For all monarchs, we used Adobe Photoshop to
measure average wing area from digital scans of both
forewings following Davis et al. (2005; 2007). Forewing area was included in analyses described below, as
this measure has been found to be a predictor of migration success (reviewed in Altizer and Davis, 2010) and
larger wings can indicate more abundant larval resources (Boggs and Freeman, 2005). We collected
hemolymph for immune assays as described below and
froze monarchs at -12ºC prior to quantifying parasite
load and total lipid mass. To quantify parasite loads for
heavily infected monarchs, abdomens were vortexed at
high speed in 5 mL H2O for 5 mins. We estimated the
total number of spores on the adult abdomen using a
hemocytometer as described in de Roode et al. (2007).

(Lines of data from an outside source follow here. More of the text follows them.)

lemma integrable_mollifier_square:
  assumes "mollifier \<phi>"
  shows "integrable lborel (\<lambda>x. (\<phi> x)\<^sup>2)"
proof -
  have supp: "(\<lambda>x. indicator (cball 0 (1/2)) x *\<^sub>R (\<phi> x)\<^sup>2) = (\<lambda>x. (\<phi> x)\<^sup>2)"
  proof
    fix x show "indicator (cball 0 (1/2)) x *\<^sub>R (\<phi> x)\<^sup>2 = (\<phi> x)\<^sup>2"
      using mollifier_support[OF assms, of x] by (cases "\<phi> x = 0") (auto simp: indicator_def)
  qed
  have "continuous_on (cball 0 (1/2)) (\<lambda>x. (\<phi> x)\<^sup>2)"
    using mollifier_continuous[OF assms] by (auto intro: continuous_on_subset continuous_intros)
  then have "integrable lborel (\<lambda>x. indicator (cball 0 (1/2)) x *\<^sub>R (\<phi> x)\<^sup>2)"
    by (intro borel_integrable_compact) auto
  then show ?thesis by (simp only: supp)
qed

lemma nn_integral_mollifier_square_shift:
  assumes "mollifier \<phi>"
  shows "(\<integral>\<^sup>+y. (\<phi> (a - y))\<^sup>2 \<partial>lborel) = (\<integral>y. (\<phi> y)\<^sup>2 \<partial>lborel)"
proof -
  have [measurable]: "\<phi> \<in> borel_measurable borel"
    using mollifier_continuous[OF assms] by (rule borel_measurable_continuous_onI)
  have "(\<integral>\<^sup>+y. (\<phi> (a - y))\<^sup>2 \<partial>lborel) = (\<integral>\<^sup>+y. (\<phi> (-a + y))\<^sup>2 \<partial>lborel)"
    using mollifier_even[OF assms, of "y - a" for y] by (simp add: algebra_simps)
  also have "\<dots> = (\<integral>\<^sup>+y. (\<phi> y)\<^sup>2 \<partial>distr lborel borel ((+) (-a)))"
    by (subst nn_integral_distr) auto
  also have "\<dots> = (\<integral>y. (\<phi> y)\<^sup>2 \<partial>lborel)"
    using integrable_mollifier_square[OF assms] by (simp add: lborel_distr_plus nn_integral_eq_integral)
  finally show ?thesis .
qed

lemma borel_measurable_H_integrand:
  assumes "mollifier \<phi>" and "continuous_on {0..} p"
  shows "H_integrand \<phi> t p \<in> borel_measurable borel"
proof -
  have "continuous_on ({0..t} \<times> UNIV) (\<lambda>x. \<phi> (p (fst x) - snd x))"
    using assms by (intro continuous_on_compose2[OF mollifier_continuous[OF assms(1)]] continuous_intros
        continuous_on_compose2[OF assms(2)]) auto
  then have "(\<lambda>x. indicator ({0..t} \<times> UNIV) x *\<^sub>R \<phi> (p (fst x) - snd x)) \<in> borel_measurable borel"
    by (intro borel_measurable_continuous_on_indicator) (auto intro: borel_closed closed_Times)
  moreover have "H_integrand \<phi> t p = (\<lambda>x. indicator ({0..t} \<times> UNIV) x *\<^sub>R \<phi> (p (fst x) - snd x))"
    unfolding H_integrand_def by (auto simp: fun_eq_iff indicator_def)
  ultimately show ?thesis by simp
qed

lemma nn_integral_H_integrand_square:
  assumes "mollifier \<phi>" and "continuous_on {0..} p" and "0 \<le> t"
  shows "(\<integral>\<^sup>+x. (H_integrand \<phi> t p x)\<^sup>2 \<partial>lborel) = t * (\<integral>y. (\<phi> y)\<^sup>2 \<partial>lborel)"
proof -
  define Q where "Q = (\<integral>y. (\<phi> y)\<^sup>2 \<partial>lborel)"
  have [measurable]: "H_integrand \<phi> t p \<in> borel_measurable (lborel \<Otimes>\<^sub>M lborel)"
    using borel_measurable_H_integrand[OF assms(1,2)] by (simp add: lborel_prod)
  have slice: "(\<integral>\<^sup>+y. (H_integrand \<phi> t p (s, y))\<^sup>2 \<partial>lborel) = ennreal Q * indicator {0..t} s" for s
    using nn_integral_mollifier_square_shift[OF assms(1), of "p s"]
    by (cases "s \<in> {0..t}") (simp_all add: H_integrand_def Q_def)
  have "(\<integral>\<^sup>+x. (H_integrand \<phi> t p x)\<^sup>2 \<partial>lborel)
      = (\<integral>\<^sup>+x. (H_integrand \<phi> t p x)\<^sup>2 \<partial>(lborel \<Otimes>\<^sub>M lborel))"
    by (simp only: lborel_prod)
  also have "\<dots> = (\<integral>\<^sup>+s. \<integral>\<^sup>+y. (H_integrand \<phi> t p (s, y))\<^sup>2 \<partial>lborel \<partial>lborel)"
    by (rule lborel.nn_integral_fst[symmetric]) measurable
  also have "\<dots> = ennreal Q * emeasure lborel {0..t}"
    by (simp add: slice nn_integral_cmult_indicator)
  also have "\<dots> = t * Q"
    using assms(3) by (simp add: Q_def ennreal_mult' mult.commute)
  finally show ?thesis unfolding Q_def .
qed

lemma square_int_H_integrand:
  assumes "mollifier \<phi>" and "continuous_on {0..} p" and "0 \<le> t"
  shows "square_int (H_integrand \<phi> t p)"
proof -
  have [measurable]: "H_integrand \<phi> t p \<in> borel_measurable lborel"
    using borel_measurable_H_integrand[OF assms(1,2)] by simp
  show ?thesis
    unfolding square_int_def using nn_integral_H_integrand_square[OF assms]
    by (auto intro!: integrableI_nonneg)
qed

lemma integral_H_integrand_square:
  assumes "mollifier \<phi>" and "continuous_on {0..} p" and "0 \<le> t"
  shows "(\<integral>x. (H_integrand \<phi> t p x)\<^sup>2 \<partial>lborel) = t * (\<integral>y. (\<phi> y)\<^sup>2 \<partial>lborel)"
proof -
  have [measurable]: "H_integrand \<phi> t p \<in> borel_measurable lborel"
    using borel_measurable_H_integrand[OF assms(1,2)] by simp
  show ?thesis
    using assms(3) by (simp add: integral_eq_nn_integral nn_integral_H_integrand_square[OF assms])
qed

lemma H_integrand_mult_eq_0:
  assumes "mollifier \<phi>" and far: "\<And>s. s \<in> {0..t} \<Longrightarrow> 1 \<le> dist (p s) (p' s)"
  shows "H_integrand \<phi> t p x * H_integrand \<phi> t p' x = 0"
proof (rule ccontr)
  obtain s y where x: "x = (s, y)" by (cases x)
  assume "H_integrand \<phi> t p x * H_integrand \<phi> t p' x \<noteq> 0"
  then have s: "s \<in> {0..t}" and "\<phi> (p s - y) \<noteq> 0" and "\<phi> (p' s - y) \<noteq> 0"
    by (auto simp: x H_integrand_def indicator_def split: if_splits)
  then have "norm (p s - y) < 1/2" and "norm (p' s - y) < 1/2"
    using mollifier_support[OF assms(1)] by blast+
  then have "dist (p s) (p' s) < 1"
    using dist_triangle_half_l[of "p s" y 1 "p' s"] by (simp add: dist_norm)
  then show False using far[OF s] by simp
qed

lemma le_on_Icc_if_le_on_Rats:
  fixes g :: "real \<Rightarrow> real"
  assumes g: "continuous_on {a..b} g" and "a \<in> \<rat>"
    and le: "\<And>q. q \<in> \<rat> \<Longrightarrow> q \<in> {a..b} \<Longrightarrow> g q \<le> c" and s: "s \<in> {a..b}"
  shows "g s \<le> c"
proof (cases "s = a")
  case True
  then show ?thesis using assms by blast
next
  case False
  then have "a < b" using s by auto
  have "closed {x \<in> {a..b}. g x \<le> c}"
    using continuous_on_closed_Collect_le[OF g continuous_on_const] by simp
  moreover have "{a<..<b} \<inter> \<rat> \<subseteq> {x \<in> {a..b}. g x \<le> c}"
    using le by auto
  ultimately have "closure ({a<..<b} \<inter> \<rat>) \<subseteq> {x \<in> {a..b}. g x \<le> c}"
    by (rule closure_minimal[rotated])
  moreover have "{a<..<b} \<subseteq> closure ({a<..<b} \<inter> \<rat>)"
    using open_Int_closure_subset[of "{a<..<b}" \<rat>] by (simp add: Rats_closure_real)
  then have "{a..b} \<subseteq> closure ({a<..<b} \<inter> \<rat>)"
    using closure_mono[of "{a<..<b}" "closure ({a<..<b} \<inter> \<rat>)"] \<open>a < b\<close> by simp
  ultimately show ?thesis using s by blast
qed

definition paths_bounded :: "'w measure \<Rightarrow> ('w \<Rightarrow> real \<Rightarrow> 'a::real_normed_vector) \<Rightarrow> real \<Rightarrow> real \<Rightarrow> 'w set"
  where "paths_bounded M W t R = {w \<in> space M. \<forall>s\<in>{0..t}. norm (W w s) \<le> R}"

lemma sets_paths_bounded:
  assumes [measurable]: "\<And>s. (\<lambda>w. W w s) \<in> borel_measurable M"
    and cont: "\<And>w. continuous_on {0..} (W w)"
  shows "paths_bounded M W t R \<in> sets M"
proof -
  have "paths_bounded M W t R
      = {w \<in> space M. \<forall>q::rat. real_of_rat q \<in> {0..t} \<longrightarrow> norm (W w (real_of_rat q)) \<le> R}"
  proof -
    have "norm (W w s) \<le> R"
      if "\<forall>q::rat. real_of_rat q \<in> {0..t} \<longrightarrow> norm (W w (real_of_rat q)) \<le> R" and "s \<in> {0..t}"
      for w s
    proof (rule le_on_Icc_if_le_on_Rats[where g = "\<lambda>s. norm (W w s)"])
      have "continuous_on {0..t} (W w)"
        using cont[of w] by (rule continuous_on_subset) auto
      then show "continuous_on {0..t} (\<lambda>s. norm (W w s))"
        by (rule continuous_on_norm)
    qed (use that in \<open>auto elim: Rats_cases\<close>)
    then show ?thesis unfolding paths_bounded_def by auto
  qed
  also have "\<dots> \<in> sets M" by measurable
  finally show ?thesis .
qed

lemma measure_paths_unbounded_tendsto_0:
  assumes "prob_space M" and "\<And>s. (\<lambda>w. W w s) \<in> borel_measurable M"
    and cont: "\<And>w. continuous_on {0..} (W w)"
  shows "(\<lambda>R. measure M (space M - paths_bounded M W t (real R))) \<longlonglongrightarrow> 0"
proof -
  interpret prob_space M by fact
  have "(\<Inter>R. space M - paths_bounded M W t (real R)) = {}"
  proof (intro equals0I)
    fix w assume w: "w \<in> (\<Inter>R. space M - paths_bounded M W t (real R))"
    have "continuous_on {0..t} (W w)"
      using cont[of w] by (rule continuous_on_subset) auto
    then have "compact (W w ` {0..t})"
      by (rule compact_continuous_image[OF _ compact_Icc])
    then obtain C where "\<forall>s\<in>{0..t}. norm (W w s) \<le> C"
      by (auto dest!: compact_imp_bounded simp: bounded_iff)
    moreover obtain R :: nat where "C \<le> real R" using real_arch_simple by blast
    ultimately have "w \<in> paths_bounded M W t (real R)"
      using w unfolding paths_bounded_def by force
    then show False using w by blast
  qed
  moreover have "(\<lambda>R. measure M (space M - paths_bounded M W t (real R)))
      \<longlonglongrightarrow> measure M (\<Inter>R. space M - paths_bounded M W t (real R))"
  proof (rule finite_Lim_measure_decseq)
    show "range (\<lambda>R. space M - paths_bounded M W t (real R)) \<subseteq> sets M"
      using sets_paths_bounded[OF assms(2,3)] by auto
    show "decseq (\<lambda>R. space M - paths_bounded M W t (real R))"
      unfolding decseq_def paths_bounded_def by force
  qed
  ultimately show ?thesis by (metis measure_empty)
qed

1.2 Immune measurements: Hemocyte counts and
phenoloxidase activity
We quantified two measures of innate immunity,
hemocyte counts and phenoloxidase (PO) activity. Although these measures in adult monarchs do not affect
OE replication (which occurs only at the larval and pupal stages; McLaughlin and Myers, 1970), these measures are important for wound healing and defenses
against other pathogens such as opportunistic bacteria
(Rolff and Reynolds, 2009; Beckage, 2008). Within 8
hours post-capture, we used a 25-gauge needle to prick
the dorsal sinus between the second and third segments
of the abdomen and collected up to 2–10 µL of clear
hemolymph (average = 4.9 µL ± 2.7 SD). For hemocyte
counts, 2 µL of hemolymph was rapidly diluted 1:10 in
sterile Pringle’s Saline [1x in 1L dD H20: 9.0g NaCl,
0.2g KCl, 0.2 g CaCl, 4.0 g dextrose] and loaded into
Kova® glasstic hemocytometer slides. We performed
hemocyte counts on two replicate chambers per sample
and calculated the average number of hemocytes per µL
(hereafter, ‘hemocyte concentration’ Fig. 1). For PO
activity assays, an additional 6 to 8 μL of hemolymph
(if available) per individual was mixed 1:1 with ice cold
Pringle’s saline and loaded into a microcentrifuge tube.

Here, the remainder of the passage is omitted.